* _What to work on_:
Scan the listing for "longleftrightarrow" and copy out each line that has it.

* _Supplied material_:
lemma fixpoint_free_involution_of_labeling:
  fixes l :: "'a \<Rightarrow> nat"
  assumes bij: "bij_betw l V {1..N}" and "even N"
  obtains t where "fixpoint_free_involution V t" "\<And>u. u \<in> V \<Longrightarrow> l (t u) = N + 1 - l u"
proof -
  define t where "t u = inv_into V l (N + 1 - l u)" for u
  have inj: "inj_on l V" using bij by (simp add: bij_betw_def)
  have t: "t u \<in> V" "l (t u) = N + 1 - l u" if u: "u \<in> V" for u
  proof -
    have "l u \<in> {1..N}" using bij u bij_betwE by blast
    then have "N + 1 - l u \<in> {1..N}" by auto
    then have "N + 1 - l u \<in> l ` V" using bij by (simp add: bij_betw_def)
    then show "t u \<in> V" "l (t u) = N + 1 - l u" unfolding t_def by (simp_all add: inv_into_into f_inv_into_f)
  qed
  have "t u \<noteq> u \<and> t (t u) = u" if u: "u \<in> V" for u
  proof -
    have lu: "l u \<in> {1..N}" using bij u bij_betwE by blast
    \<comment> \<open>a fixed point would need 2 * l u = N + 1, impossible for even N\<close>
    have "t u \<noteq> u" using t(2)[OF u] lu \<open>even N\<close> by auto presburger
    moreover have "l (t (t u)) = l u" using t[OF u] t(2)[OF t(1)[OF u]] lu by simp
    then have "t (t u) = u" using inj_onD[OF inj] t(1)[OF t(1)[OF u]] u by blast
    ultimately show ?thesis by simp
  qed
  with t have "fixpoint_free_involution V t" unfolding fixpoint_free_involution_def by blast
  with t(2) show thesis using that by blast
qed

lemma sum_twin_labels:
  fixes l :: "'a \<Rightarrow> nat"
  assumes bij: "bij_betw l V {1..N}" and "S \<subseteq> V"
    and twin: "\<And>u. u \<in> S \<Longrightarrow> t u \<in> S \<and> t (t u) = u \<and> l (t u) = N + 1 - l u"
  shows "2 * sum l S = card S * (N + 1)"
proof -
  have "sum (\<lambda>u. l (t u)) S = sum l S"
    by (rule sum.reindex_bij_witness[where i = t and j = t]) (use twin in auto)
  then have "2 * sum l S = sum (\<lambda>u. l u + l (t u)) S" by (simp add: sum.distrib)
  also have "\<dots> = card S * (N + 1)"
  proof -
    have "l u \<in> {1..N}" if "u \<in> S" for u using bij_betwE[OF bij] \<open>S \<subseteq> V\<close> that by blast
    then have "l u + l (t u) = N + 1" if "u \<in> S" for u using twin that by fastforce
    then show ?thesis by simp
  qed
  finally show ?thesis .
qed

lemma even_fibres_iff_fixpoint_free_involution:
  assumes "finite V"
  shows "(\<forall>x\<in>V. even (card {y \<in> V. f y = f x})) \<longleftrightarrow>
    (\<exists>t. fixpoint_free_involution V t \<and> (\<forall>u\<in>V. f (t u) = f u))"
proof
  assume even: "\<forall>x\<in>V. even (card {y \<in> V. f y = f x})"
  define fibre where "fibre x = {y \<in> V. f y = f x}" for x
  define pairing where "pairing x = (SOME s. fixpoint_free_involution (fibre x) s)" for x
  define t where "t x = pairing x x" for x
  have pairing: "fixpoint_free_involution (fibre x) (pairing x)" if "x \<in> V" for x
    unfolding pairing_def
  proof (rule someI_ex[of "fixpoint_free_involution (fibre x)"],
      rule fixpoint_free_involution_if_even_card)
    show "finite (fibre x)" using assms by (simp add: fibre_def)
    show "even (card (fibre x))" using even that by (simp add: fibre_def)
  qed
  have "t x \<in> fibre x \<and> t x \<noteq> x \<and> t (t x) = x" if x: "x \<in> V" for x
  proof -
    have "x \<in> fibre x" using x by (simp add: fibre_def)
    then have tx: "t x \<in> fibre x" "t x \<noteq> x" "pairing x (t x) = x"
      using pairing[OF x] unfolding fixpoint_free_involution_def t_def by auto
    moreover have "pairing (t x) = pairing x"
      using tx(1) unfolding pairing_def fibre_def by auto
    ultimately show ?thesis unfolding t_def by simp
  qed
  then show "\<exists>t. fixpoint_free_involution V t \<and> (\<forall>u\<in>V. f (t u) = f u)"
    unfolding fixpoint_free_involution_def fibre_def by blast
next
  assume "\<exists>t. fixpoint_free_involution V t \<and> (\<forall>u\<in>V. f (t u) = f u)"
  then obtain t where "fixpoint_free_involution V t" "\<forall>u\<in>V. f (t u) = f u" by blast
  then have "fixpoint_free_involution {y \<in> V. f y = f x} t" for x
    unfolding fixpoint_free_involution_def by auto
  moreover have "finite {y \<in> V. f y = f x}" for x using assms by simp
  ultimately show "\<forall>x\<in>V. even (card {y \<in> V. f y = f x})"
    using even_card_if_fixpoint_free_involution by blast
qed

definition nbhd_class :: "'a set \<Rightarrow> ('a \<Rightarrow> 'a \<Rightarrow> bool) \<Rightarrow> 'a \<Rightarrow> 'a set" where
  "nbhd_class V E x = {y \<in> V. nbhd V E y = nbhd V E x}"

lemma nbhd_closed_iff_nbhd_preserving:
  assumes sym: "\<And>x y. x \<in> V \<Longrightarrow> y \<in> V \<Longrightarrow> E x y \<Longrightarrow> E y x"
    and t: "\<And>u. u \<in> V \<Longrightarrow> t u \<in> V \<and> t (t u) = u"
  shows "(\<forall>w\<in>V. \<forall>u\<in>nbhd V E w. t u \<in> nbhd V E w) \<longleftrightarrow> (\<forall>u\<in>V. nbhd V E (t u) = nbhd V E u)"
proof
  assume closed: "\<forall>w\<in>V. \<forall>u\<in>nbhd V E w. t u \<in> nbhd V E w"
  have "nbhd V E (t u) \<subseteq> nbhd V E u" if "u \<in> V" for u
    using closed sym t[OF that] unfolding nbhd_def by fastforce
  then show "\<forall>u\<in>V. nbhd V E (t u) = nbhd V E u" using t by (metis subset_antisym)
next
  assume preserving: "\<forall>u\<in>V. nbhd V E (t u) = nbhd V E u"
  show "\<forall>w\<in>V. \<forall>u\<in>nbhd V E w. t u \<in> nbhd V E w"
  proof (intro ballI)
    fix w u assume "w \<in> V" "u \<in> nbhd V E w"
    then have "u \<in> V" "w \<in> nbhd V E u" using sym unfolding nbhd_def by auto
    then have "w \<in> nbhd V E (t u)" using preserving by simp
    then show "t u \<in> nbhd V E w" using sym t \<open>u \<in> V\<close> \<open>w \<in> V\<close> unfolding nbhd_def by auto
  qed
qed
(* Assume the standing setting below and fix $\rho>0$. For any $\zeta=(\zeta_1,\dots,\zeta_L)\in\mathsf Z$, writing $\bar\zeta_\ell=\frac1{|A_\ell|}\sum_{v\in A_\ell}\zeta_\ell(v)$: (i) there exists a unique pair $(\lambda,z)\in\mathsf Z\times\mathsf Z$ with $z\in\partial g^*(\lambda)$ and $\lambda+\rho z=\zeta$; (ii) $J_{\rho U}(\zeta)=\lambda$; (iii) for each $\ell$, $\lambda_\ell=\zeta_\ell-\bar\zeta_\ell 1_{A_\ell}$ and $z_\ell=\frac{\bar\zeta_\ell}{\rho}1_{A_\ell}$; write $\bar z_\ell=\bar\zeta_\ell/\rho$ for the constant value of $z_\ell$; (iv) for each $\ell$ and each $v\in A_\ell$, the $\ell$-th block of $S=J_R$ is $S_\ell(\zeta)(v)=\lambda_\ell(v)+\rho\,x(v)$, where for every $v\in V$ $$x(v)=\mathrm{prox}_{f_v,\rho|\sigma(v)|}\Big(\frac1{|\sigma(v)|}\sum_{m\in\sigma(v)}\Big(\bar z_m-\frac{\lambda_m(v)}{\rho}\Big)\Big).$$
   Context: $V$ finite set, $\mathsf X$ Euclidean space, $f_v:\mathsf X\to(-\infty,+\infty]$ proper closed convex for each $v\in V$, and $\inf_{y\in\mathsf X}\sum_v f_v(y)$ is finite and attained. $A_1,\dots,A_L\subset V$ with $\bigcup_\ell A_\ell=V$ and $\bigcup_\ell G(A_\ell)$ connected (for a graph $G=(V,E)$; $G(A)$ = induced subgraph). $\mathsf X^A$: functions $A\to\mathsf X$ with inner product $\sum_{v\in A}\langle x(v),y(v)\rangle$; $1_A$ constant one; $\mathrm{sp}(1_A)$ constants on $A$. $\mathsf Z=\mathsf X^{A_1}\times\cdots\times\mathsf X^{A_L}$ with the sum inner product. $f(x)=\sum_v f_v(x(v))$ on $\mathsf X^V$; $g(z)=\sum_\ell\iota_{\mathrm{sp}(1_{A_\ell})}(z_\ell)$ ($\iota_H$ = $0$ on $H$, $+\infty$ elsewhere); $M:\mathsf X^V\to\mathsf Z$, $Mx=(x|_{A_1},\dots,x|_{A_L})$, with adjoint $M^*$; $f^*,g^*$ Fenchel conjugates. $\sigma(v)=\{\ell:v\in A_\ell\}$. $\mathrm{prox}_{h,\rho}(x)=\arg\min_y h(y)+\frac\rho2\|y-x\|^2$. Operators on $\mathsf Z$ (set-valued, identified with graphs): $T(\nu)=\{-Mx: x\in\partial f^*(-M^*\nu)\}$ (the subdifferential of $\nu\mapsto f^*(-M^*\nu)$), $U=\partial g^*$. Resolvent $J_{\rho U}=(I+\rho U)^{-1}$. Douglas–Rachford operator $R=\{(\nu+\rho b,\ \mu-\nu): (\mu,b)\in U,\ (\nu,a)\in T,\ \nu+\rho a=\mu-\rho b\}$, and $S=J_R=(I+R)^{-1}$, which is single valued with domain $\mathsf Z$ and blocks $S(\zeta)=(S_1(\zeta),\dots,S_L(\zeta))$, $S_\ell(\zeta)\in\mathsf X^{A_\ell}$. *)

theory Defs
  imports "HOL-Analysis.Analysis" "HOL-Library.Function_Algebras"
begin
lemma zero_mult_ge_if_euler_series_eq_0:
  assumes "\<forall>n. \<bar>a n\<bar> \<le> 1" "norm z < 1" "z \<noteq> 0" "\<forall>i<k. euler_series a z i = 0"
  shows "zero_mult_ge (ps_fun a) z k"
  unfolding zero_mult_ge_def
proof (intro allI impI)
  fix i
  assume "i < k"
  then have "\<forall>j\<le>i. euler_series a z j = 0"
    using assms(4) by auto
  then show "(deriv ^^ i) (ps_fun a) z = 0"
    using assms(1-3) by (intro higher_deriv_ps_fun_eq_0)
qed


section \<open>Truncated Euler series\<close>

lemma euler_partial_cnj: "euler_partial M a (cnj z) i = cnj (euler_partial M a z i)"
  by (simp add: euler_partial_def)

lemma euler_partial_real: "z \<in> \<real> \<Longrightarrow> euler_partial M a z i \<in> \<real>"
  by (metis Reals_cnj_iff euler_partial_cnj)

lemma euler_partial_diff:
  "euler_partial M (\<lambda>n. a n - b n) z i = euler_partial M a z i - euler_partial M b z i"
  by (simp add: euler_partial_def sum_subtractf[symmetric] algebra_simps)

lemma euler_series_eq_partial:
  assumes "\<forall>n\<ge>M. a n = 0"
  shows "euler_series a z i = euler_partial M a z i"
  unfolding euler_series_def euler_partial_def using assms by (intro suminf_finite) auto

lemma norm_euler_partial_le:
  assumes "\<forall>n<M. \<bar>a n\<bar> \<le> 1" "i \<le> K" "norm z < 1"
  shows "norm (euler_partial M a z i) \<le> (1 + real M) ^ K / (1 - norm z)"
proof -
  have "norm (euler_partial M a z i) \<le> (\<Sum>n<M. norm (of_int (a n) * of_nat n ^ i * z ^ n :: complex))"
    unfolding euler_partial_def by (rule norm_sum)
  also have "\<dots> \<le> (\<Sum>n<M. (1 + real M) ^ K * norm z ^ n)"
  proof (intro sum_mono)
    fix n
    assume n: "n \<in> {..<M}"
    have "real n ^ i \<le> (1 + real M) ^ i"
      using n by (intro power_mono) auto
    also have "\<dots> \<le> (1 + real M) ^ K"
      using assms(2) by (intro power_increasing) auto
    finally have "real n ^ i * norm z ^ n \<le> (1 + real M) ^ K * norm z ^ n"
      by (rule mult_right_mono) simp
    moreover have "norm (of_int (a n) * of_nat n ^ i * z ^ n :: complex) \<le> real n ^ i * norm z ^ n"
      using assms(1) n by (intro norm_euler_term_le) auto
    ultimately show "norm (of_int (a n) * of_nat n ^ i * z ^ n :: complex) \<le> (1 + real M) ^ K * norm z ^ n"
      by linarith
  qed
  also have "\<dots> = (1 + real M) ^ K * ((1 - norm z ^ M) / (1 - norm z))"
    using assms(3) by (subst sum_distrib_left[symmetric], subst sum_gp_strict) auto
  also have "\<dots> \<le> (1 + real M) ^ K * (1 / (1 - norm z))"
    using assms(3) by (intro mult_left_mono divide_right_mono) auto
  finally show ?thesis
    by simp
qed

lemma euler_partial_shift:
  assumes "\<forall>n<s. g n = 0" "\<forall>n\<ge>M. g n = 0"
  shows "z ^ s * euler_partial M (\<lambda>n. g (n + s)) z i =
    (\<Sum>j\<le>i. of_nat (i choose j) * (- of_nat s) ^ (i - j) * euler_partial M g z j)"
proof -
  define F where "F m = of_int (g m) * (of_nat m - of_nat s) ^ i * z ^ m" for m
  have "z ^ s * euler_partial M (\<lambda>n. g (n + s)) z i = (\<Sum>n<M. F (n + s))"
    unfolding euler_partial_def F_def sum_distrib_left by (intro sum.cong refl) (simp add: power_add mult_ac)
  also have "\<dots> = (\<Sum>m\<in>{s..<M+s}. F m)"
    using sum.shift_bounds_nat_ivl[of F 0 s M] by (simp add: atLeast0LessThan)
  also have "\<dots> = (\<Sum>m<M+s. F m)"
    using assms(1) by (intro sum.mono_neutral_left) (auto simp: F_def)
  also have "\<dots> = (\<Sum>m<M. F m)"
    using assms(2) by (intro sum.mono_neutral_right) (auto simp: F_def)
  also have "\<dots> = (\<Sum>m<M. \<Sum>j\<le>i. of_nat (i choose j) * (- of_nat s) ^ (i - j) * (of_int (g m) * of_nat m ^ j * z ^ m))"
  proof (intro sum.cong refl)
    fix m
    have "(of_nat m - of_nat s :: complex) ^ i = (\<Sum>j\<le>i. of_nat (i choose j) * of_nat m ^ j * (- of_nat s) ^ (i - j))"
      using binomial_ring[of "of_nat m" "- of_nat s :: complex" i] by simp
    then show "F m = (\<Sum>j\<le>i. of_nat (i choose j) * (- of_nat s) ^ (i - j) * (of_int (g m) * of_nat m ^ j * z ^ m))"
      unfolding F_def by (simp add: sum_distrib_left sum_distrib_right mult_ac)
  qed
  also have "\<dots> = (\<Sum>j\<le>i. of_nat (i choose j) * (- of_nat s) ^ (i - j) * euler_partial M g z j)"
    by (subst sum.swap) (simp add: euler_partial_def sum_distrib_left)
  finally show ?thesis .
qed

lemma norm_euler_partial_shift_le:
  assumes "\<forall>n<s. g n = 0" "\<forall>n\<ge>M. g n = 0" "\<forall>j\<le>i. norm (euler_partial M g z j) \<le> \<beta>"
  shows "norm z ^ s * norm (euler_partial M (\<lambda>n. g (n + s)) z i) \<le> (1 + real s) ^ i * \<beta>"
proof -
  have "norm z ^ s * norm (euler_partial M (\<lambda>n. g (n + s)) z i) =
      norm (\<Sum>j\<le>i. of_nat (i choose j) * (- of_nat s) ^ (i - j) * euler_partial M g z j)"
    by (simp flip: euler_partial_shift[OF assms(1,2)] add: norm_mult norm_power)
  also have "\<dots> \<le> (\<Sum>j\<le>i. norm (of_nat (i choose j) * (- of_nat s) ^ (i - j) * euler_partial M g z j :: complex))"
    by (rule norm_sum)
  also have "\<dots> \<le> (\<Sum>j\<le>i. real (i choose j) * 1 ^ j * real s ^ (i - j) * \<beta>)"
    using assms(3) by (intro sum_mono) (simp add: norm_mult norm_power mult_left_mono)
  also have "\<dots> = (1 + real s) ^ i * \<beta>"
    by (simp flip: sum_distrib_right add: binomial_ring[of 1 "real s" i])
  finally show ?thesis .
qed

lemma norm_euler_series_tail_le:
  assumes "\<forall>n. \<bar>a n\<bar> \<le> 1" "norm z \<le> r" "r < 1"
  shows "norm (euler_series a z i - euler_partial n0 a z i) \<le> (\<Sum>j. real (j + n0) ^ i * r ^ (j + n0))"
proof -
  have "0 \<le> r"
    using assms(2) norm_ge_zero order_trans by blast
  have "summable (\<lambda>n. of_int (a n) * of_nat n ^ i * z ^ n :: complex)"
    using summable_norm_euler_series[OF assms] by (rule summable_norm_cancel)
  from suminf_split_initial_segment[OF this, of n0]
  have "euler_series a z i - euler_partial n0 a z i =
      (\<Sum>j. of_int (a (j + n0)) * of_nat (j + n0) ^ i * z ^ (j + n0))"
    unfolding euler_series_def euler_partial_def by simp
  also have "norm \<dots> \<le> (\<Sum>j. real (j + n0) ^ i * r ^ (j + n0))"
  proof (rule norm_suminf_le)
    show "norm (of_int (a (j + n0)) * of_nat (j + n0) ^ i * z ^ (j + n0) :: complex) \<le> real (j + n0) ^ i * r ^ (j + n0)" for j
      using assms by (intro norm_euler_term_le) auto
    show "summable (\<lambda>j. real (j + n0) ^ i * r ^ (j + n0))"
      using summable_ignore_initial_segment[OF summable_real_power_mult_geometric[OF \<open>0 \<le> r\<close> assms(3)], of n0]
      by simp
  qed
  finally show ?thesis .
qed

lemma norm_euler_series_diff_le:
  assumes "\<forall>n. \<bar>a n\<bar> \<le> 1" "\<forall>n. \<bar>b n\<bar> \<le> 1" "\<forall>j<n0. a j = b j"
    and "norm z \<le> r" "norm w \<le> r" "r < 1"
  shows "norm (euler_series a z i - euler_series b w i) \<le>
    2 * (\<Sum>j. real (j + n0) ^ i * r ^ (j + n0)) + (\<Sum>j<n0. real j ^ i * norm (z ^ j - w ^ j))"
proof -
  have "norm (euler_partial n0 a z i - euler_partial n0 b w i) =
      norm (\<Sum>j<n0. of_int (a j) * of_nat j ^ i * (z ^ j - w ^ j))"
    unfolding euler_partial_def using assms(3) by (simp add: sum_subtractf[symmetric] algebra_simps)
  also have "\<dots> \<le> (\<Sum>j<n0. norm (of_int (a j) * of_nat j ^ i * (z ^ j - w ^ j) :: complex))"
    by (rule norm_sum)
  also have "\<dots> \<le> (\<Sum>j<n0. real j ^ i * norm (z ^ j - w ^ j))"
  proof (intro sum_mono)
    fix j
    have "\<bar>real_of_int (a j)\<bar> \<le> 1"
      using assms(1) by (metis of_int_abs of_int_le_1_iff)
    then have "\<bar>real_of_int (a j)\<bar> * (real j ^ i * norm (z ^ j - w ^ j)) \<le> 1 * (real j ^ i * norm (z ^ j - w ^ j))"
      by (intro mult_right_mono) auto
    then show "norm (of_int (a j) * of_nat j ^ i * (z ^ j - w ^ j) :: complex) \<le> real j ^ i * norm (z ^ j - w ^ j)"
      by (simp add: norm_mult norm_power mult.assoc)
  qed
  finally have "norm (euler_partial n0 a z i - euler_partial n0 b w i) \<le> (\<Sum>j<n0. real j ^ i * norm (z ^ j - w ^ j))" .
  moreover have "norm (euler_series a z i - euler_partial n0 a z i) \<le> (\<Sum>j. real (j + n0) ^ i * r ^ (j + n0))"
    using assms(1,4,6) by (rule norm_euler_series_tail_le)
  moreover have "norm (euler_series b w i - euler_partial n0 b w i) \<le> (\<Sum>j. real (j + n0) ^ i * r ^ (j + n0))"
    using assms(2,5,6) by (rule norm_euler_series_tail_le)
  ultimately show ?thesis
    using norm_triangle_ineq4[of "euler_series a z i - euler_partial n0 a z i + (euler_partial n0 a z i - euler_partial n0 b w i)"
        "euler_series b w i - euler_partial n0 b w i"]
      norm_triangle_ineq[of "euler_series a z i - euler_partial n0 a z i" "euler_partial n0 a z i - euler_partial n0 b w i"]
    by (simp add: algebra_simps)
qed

* _Answer to the problem_:
  shows "(\<forall>x\<in>V. even (card {y \<in> V. f y = f x})) \<longleftrightarrow>
  shows "(\<forall>w\<in>V. \<forall>u\<in>nbhd V E w. t u \<in> nbhd V E w) \<longleftrightarrow> (\<forall>u\<in>V. nbhd V E (t u) = nbhd V E u)"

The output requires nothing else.